The Tom Kyte Blog: Something about nothing...

Tuesday, January 24, 2006

Something about nothing...

Something about nothing. A frequently misunderstood concept with NULLS and indexes is the myth that NULL values are not tracked in “normal” indexes such as a conventional B*Tree index. Therefore, many people conclude erroneously that “WHERE COLUMN IS NULL” will not use, in fact cannot, use an index.

The facts are:

Entirely NULL keys are not entered into a ‘normal’ B*Tree in Oracle

Therefore, if you have a concatenated index on say C1 and C2, then you will likely find NULL values in it – since you could have a row where C1 is NULL but C2 is NOT NULL – that key value will be in the index.

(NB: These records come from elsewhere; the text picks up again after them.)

text \<open>Choose for every \<open>y \<in> S\<close> coefficients \<open>a \<in> R\<^sup>n\<^sup>+\<^sup>1\<close> with \<open>\<epsilon>(a) = y\<close> and put \<open>\<phi>(y) = a\<^sub>0\<close>.
  Two choices differ by a vector in the image of \<open>\<MM>\<close>, so \<open>\<phi>\<close> is well defined and \<open>R\<close>-linear
  modulo the ideal \<open>J\<close> spanned by the first row of \<open>\<MM>\<close>, with \<open>\<phi>(1) \<equiv> 1\<close>. Hence
  \<open>(x, y) \<mapsto> x \<phi>(y) mod J\<close> is \<open>R\<close>-balanced and biadditive and induces a map
  \<open>S \<otimes>\<^sub>R S \<rightarrow> S/J\<close>, sending \<open>\<alpha> \<otimes> 1 - 1 \<otimes> \<alpha>\<close> to \<open>\<alpha> - \<phi>(\<alpha>)\<close>. For \<open>\<alpha> \<in> R\<^sup>*\<close> this vanishes,
  so \<open>\<alpha> \<in> \<phi>(\<alpha>) + J \<subseteq> R + J\<close>.\<close>

definition tensor_eval :: "('a \<times> 'a \<Rightarrow> 'b::ring_1) \<Rightarrow> ('a \<times> 'a \<Rightarrow> int) \<Rightarrow> 'b" where
  "tensor_eval \<Phi> u = (\<Sum>p | u p \<noteq> 0. of_int (u p) * \<Phi> p)"

lemma tensor_eval_eq_sum:
  assumes "finite A" "{p. u p \<noteq> 0} \<subseteq> A"
  shows "tensor_eval \<Phi> u = (\<Sum>p\<in>A. of_int (u p) * \<Phi> p)"
  unfolding tensor_eval_def by (rule sum.mono_neutral_left) (use assms in auto)

lemma finite_support_tdelta: "finite {p. tdelta x y p \<noteq> 0}"
  by (rule finite_subset[of _ "{(x, y)}"]) (auto simp: tdelta_def)

lemma tensor_eval_tdelta: "tensor_eval \<Phi> (tdelta x y) = \<Phi> (x, y)"
proof -
  have "{p. tdelta x y p \<noteq> 0} = {(x, y)}" by (auto simp: tdelta_def)
  then show ?thesis by (simp add: tensor_eval_def tdelta_def)
qed

lemma tensor_eval_add:
  assumes "finite {p. u p \<noteq> 0}" "finite {p. v p \<noteq> 0}"
  shows "tensor_eval \<Phi> (\<lambda>p. u p + v p) = tensor_eval \<Phi> u + tensor_eval \<Phi> v"
proof -
  let ?A = "{p. u p \<noteq> 0} \<union> {p. v p \<noteq> 0}"
  have A: "finite ?A" using assms by simp
  have "tensor_eval \<Phi> (\<lambda>p. u p + v p) = (\<Sum>p\<in>?A. of_int (u p + v p) * \<Phi> p)"
    by (rule tensor_eval_eq_sum[OF A]) auto
  also have "\<dots> = (\<Sum>p\<in>?A. of_int (u p) * \<Phi> p) + (\<Sum>p\<in>?A. of_int (v p) * \<Phi> p)"
    by (simp add: distrib_right sum.distrib)
  also have "\<dots> = tensor_eval \<Phi> u + tensor_eval \<Phi> v"
    by (simp add: tensor_eval_eq_sum[OF A])
  finally show ?thesis .
qed

lemma tensor_eval_neg: "tensor_eval \<Phi> (\<lambda>p. - u p) = - tensor_eval \<Phi> u"
  by (simp add: tensor_eval_def sum_negf)

lemma tensor_eval_diff:
  assumes "finite {p. u p \<noteq> 0}" "finite {p. v p \<noteq> 0}"
  shows "tensor_eval \<Phi> (\<lambda>p. u p - v p) = tensor_eval \<Phi> u - tensor_eval \<Phi> v"
  using tensor_eval_add[of u "\<lambda>p. - v p" \<Phi>] assms by (simp add: tensor_eval_neg)
lemma feat_exp_inner:
  assumes sdist: "\<And>s. 0 \<le> sdist M A q pol xi0 h s" "integrable M (sdist M A q pol xi0 h)"
    "sdist M A q pol xi0 h \<in> borel_measurable M"
    and phi_meas: "(\<lambda>(s, a). phi s a) \<in> borel_measurable (M \<Otimes>\<^sub>M A)"
    and phi_bdd: "\<And>s a. norm (phi s a) \<le> B"
  shows "feat_exp M A q pol xi0 phi h \<bullet> x
       = (\<integral>s. sdist M A q pol xi0 h s * (\<integral>a. pol s a * (phi s a \<bullet> x) \<partial>A) \<partial>M)"
proof -
  let ?d = "sdist M A q pol xi0 h"
  note [measurable] = sdist(3) phi_meas[unfolded case_prod_beta']
  define Phi where "Phi s = (\<integral>a. (?d s * pol s a) *\<^sub>R phi s a \<partial>A)" for s
  have Phi_int: "integrable A (\<lambda>a. (?d s * pol s a) *\<^sub>R phi s a)" for s
  proof (rule integrable_scaleR_bounded[OF _ _ phi_bdd])
    show "phi s \<in> borel_measurable A"
      using measurable_compose[OF measurable_Pair[OF measurable_const[of s] measurable_ident_sets[OF refl]] phi_meas]
        space_M
      by (simp add: comp_def)
  qed (simp add: pol_integrable)
  have Phi_bdd: "norm (Phi s) \<le> B * ?d s" for s
  proof -
    have "norm (Phi s) \<le> (\<integral>a. norm ((?d s * pol s a) *\<^sub>R phi s a) \<partial>A)"
      unfolding Phi_def by (rule integral_norm_bound)
    also have "\<dots> \<le> (\<integral>a. B * (?d s * pol s a) \<partial>A)"
    proof (rule integral_mono)
      show "integrable A (\<lambda>a. norm ((?d s * pol s a) *\<^sub>R phi s a))"
        using Phi_int[of s] by (rule integrable_norm)
      show "norm ((?d s * pol s a) *\<^sub>R phi s a) \<le> B * (?d s * pol s a)" for a
        using mult_left_mono[OF phi_bdd[of s a], of "?d s * pol s a"] sdist(1)[of s] pol_nonneg[of s a]
        by (simp add: abs_mult mult_ac)
    qed (simp add: pol_integrable)
    also have "\<dots> = B * ?d s" using pol_integral by simp
    finally show ?thesis .
  qed
  have B_nn: "0 \<le> B" using phi_bdd norm_ge_zero order_trans by blast
  have "integrable M Phi"
  proof (rule Bochner_Integration.integrable_bound[where f="\<lambda>s. B * ?d s"])
    show "integrable M (\<lambda>s. B * ?d s)" using sdist(2) by simp
    have "(\<lambda>(s, a). (?d s * pol s a) *\<^sub>R phi s a) \<in> borel_measurable (M \<Otimes>\<^sub>M A)"
      by measurable
    then show "Phi \<in> borel_measurable M"
      unfolding Phi_def by (rule A.borel_measurable_lebesgue_integral)
    show "AE s in M. norm (Phi s) \<le> norm (B * ?d s)"
      using Phi_bdd B_nn sdist(1) by (auto intro!: AE_I2 simp: abs_mult)
  qed
  then have "feat_exp M A q pol xi0 phi h \<bullet> x = (\<integral>s. Phi s \<bullet> x \<partial>M)"
    unfolding feat_exp_def Phi_def[symmetric] by (rule integral_inner_left[symmetric])
  also have "\<dots> = (\<integral>s. ?d s * (\<integral>a. pol s a * (phi s a \<bullet> x) \<partial>A) \<partial>M)"
  proof (rule Bochner_Integration.integral_cong[OF refl])
    fix s
    have "Phi s \<bullet> x = (\<integral>a. ((?d s * pol s a) *\<^sub>R phi s a) \<bullet> x \<partial>A)"
      unfolding Phi_def by (rule integral_inner_left[symmetric]) (rule Phi_int)
    then show "Phi s \<bullet> x = ?d s * (\<integral>a. pol s a * (phi s a \<bullet> x) \<partial>A)"
      by (simp add: mult.assoc)
  qed
  finally show ?thesis .
qed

As long as you have some not null column in your set of indexed columns, you will find NULLs in the index. Additionally – you always have a NOT NULL (virtual) column to use no matter what!

First, consider this example, supposed we want to leave OBJECT_ID as NULLABLE, but did have a column OWNER that was NOT NULL:


ops$tkyte@ORA9IR2> create table t
2  as
3  select object_id, owner, object_name
4    from dba_objects;
Table created.

ops$tkyte@ORA9IR2> alter table t modify (owner NOT NULL);
Table altered.

ops$tkyte@ORA9IR2> create index t_idx on t(object_id,owner);
Index created.

ops$tkyte@ORA9IR2> desc t
Name                    Null?    Type
----------------------- -------- ----------------
OBJECT_ID                        NUMBER
OWNER                   NOT NULL VARCHAR2(30)
OBJECT_NAME                      VARCHAR2(128)

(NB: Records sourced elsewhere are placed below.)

lemma borel_measurable_rho_bar:
  assumes "scalable_classifier (space M) g" "\<And>\<rho>. (\<lambda>x. g x \<rho>) \<in> borel_measurable M"
  shows "rho_bar g \<in> borel_measurable M"
proof (unfold borel_measurable_iff_greater, intro allI)
  fix \<rho>
  have "{x \<in> space M. \<rho> < rho_bar g x} = {x \<in> space M. g x \<rho> < 0}"
    using rho_bar_less_iff[OF assms(1)] by blast
  also have "\<dots> \<in> sets M"
    using assms(2) by measurable
  finally show "{x \<in> space M. \<rho> < rho_bar g x} \<in> sets M" .
qed

lemma length_filter_neg_features:
  "length (filter Q (neg_features n z)) = card {i\<in>{..<n}. snd (z i) = -1 \<and> Q (fst (z i))}"
proof (induction n)
  case 0
  then show ?case by (simp add: neg_features_def)
next
  case (Suc n)
  have "{i\<in>{..<Suc n}. snd (z i) = -1 \<and> Q (fst (z i))} =
      (if snd (z n) = -1 \<and> Q (fst (z n)) then insert n else id) {i\<in>{..<n}. snd (z i) = -1 \<and> Q (fst (z i))}"
    by (auto simp: less_Suc_eq)
  then show ?case
    using Suc by (simp add: neg_features_def)
qed

lemma calibration_bound:
  fixes M :: "'a measure" and P :: "('a \<times> int) measure" and g :: "'a \<Rightarrow> real \<Rightarrow> real"
  assumes P: "prob_space P" and sets_P: "sets P = sets (M \<Otimes>\<^sub>M count_space UNIV)"
    and g: "scalable_classifier (space M) g" and g_meas: "\<And>\<rho>. (\<lambda>x. g x \<rho>) \<in> borel_measurable M"
    and \<epsilon>: "0 < \<epsilon>" "\<epsilon> \<le> 1" and r: "1 \<le> r"
  shows "1 - binom_cdf (r - 1) nc \<epsilon> \<le> measure (PiM {..<nc} (\<lambda>_. P))
     {z \<in> space (PiM {..<nc} (\<lambda>_. P)).
        measure P {(x, y) \<in> space P. y = -1 \<and> x \<in> S_eps (space M) g r nc z} \<le> \<epsilon>}"
proof -
  interpret P: prob_space P by (rule P)
  let ?\<Pi> = "PiM {..<nc} (\<lambda>_. P)"
  interpret \<Pi>: prob_space ?\<Pi>
    by (intro prob_space_PiM P)
  let ?E = "\<lambda>z. {(x, y) \<in> space P. y = -1 \<and> x \<in> S_eps (space M) g r nc z}"
  let ?xs = "\<lambda>z. neg_features nc z"
  define A where "A = {p \<in> space P. snd p = -1}"
  define h where "h p = rho_bar g (fst p)" for p :: "'a \<times> int"
  have space_P: "space P = space M \<times> UNIV"
    using sets_eq_imp_space_eq[OF sets_P] by (simp add: space_pair_measure)
  have "A = space M \<times> {-1}"
    unfolding A_def space_P by auto
  then have A_sets: "A \<in> P.events"
    unfolding sets_P by auto
  have h_meas: "h \<in> borel_measurable P"
    unfolding h_def measurable_cong_sets[OF sets_P refl]
    by (intro measurable_compose[OF measurable_fst] borel_measurable_rho_bar g g_meas)
  have E_eq: "?E z = (if length (?xs z) < r then A else {p\<in>A. genmax r (map (rho_bar g) (?xs z)) < h p})" for z
    unfolding S_eps_def A_def h_def using rho_bar_less_iff[OF g] space_P by (auto simp: Let_def)
  have hits: "length (filter Q (map (rho_bar g) (?xs z))) = card {i\<in>{..<nc}. z i \<in> {p\<in>A. Q (h p)}}"
    if "z \<in> space ?\<Pi>" for z Q
  proof -
    have "length (filter Q (map (rho_bar g) (?xs z)))
        = card {i\<in>{..<nc}. snd (z i) = -1 \<and> Q (rho_bar g (fst (z i)))}"
      by (simp add: filter_map length_filter_neg_features comp_def)
    also have "\<dots> = card {i\<in>{..<nc}. z i \<in> {p\<in>A. Q (h p)}}"
      using that by (intro arg_cong[where f=card]) (auto simp: A_def h_def space_PiM PiE_iff)
    finally show ?thesis .
  qed
  show ?thesis
  proof (cases "P.prob A \<le> \<epsilon>")
    case True
    have "P.prob (?E z) \<le> P.prob A" for z
      unfolding E_eq by (auto intro!: P.finite_measure_mono[OF _ A_sets])
    then have "P.prob (?E z) \<le> \<epsilon>" for z
      using True order_trans by blast
    then show ?thesis
      using binom_cdf_nonneg[of \<epsilon>] \<epsilon> by (simp add: \<Pi>.prob_space)
  next
    case False
    then obtain \<tau> where \<tau>: "\<And>\<rho>. P.prob {p\<in>A. \<rho> < h p} \<le> \<epsilon> \<longleftrightarrow> \<tau> \<le> \<rho>"
      and C: "\<epsilon> \<le> P.prob {p\<in>A. \<tau> \<le> h p}"
      using P.upper_tail_threshold[OF A_sets h_meas \<epsilon>(1)] by (auto simp: not_le)
    define C where "C = {p\<in>A. \<tau> \<le> h p}"
    have C_sets: "C \<in> P.events"
      unfolding C_def using A_sets h_meas by measurable
    have good_iff: "P.prob (?E z) \<le> \<epsilon> \<longleftrightarrow> r \<le> card {i\<in>{..<nc}. z i \<in> C}"
      if z: "z \<in> space ?\<Pi>" for z
    proof (cases "length (?xs z) < r")
      case True
      have "card {i\<in>{..<nc}. z i \<in> C} \<le> card {i\<in>{..<nc}. z i \<in> {p\<in>A. True}}"
        by (intro card_mono) (auto simp: C_def)
      also have "\<dots> = length (?xs z)"
        using hits[OF z, of "\<lambda>_. True"] by simp
      finally show ?thesis
        using True False unfolding E_eq by simp
    next
      case False
      then have "P.prob (?E z) \<le> \<epsilon> \<longleftrightarrow> \<tau> \<le> genmax r (map (rho_bar g) (?xs z))"
        unfolding E_eq by (simp add: \<tau>)
      also have "\<dots> \<longleftrightarrow> r \<le> length (filter ((\<le>) \<tau>) (map (rho_bar g) (?xs z)))"
        using False r by (intro genmax_iff_upclosed) auto
      finally show ?thesis
        unfolding hits[OF z] C_def .
    qed
    let ?few = "{z \<in> space ?\<Pi>. card {i\<in>{..<nc}. z i \<in> C} \<le> r - 1}"
    have "{z \<in> space ?\<Pi>. P.prob (?E z) \<le> \<epsilon>} = {z \<in> space ?\<Pi>. r \<le> card {i\<in>{..<nc}. z i \<in> C}}"
      by (intro Collect_cong conj_cong refl good_iff)
    also have "\<dots> = space ?\<Pi> - ?few"
      using r by auto
    finally have "\<Pi>.prob {z \<in> space ?\<Pi>. P.prob (?E z) \<le> \<epsilon>} = 1 - \<Pi>.prob ?few"
      using \<Pi>.prob_compl[OF P.measure_PiM_hits_le(1)[OF C_sets]] by simp
    also have "\<dots> = 1 - binom_cdf (r - 1) nc (P.prob C)"
      using P.measure_PiM_hits_le(2)[OF C_sets] by simp
    also have "\<dots> \<ge> 1 - binom_cdf (r - 1) nc \<epsilon>"
      using C \<epsilon> by (simp add: binom_cdf_antimono C_def)
    finally show ?thesis .
  qed
qed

ops$tkyte@ORA9IR2> exec dbms_stats.gather_table_stats(user,'T');
PL/SQL procedure successfully completed.

Well, that index can certainly be used to satisfy “IS NOT NULL” when applied to OBJECT_ID:


ops$tkyte@ORA9IR2> set autotrace traceonly explain
ops$tkyte@ORA9IR2> select * from t where object_id is null;

Execution Plan
----------------------------------------------------------
0      SELECT STATEMENT Optimizer=CHOOSE (Cost=3 Card=1 Bytes=34)
1    0   TABLE ACCESS (BY INDEX ROWID) OF 'T' (Cost=3 Card=1 Bytes=34)
2    1     INDEX (RANGE SCAN) OF 'T_IDX' (NON-UNIQUE) (Cost=2 Card=1)

In fact – even if the table did not have any NOT NULL columns, or we didn’t want/need to have a concatenated index involving OWNER – there is a transparent way to find the NULL OBJECT_ID values rather easily:


ops$tkyte@ORA9IR2> drop index t_idx;
Index dropped.

ops$tkyte@ORA9IR2> create index t_idx_new on t(object_id,0);
Index created.

ops$tkyte@ORA9IR2> set autotrace traceonly explain
ops$tkyte@ORA9IR2> select * from t where object_id is null;

Execution Plan
----------------------------------------------------------
0      SELECT STATEMENT Optimizer=CHOOSE (Cost=3 Card=1 Bytes=34)
1    0   TABLE ACCESS (BY INDEX ROWID) OF 'T' (Cost=3 Card=1 Bytes=34)
2    1     INDEX (RANGE SCAN) OF 'T_IDX_NEW' (NON-UNIQUE) (Cost=2 Card=1)

The “secret sauce” here is to create what is known as a function based index (although some would argue there is no such thing! I detect a Jonathan Lewis write up there…). We simply added “0” to the index – we can search on OBJECT_ID as before, plus find all records where “OBJECT_ID IS NULL” without changing a thing.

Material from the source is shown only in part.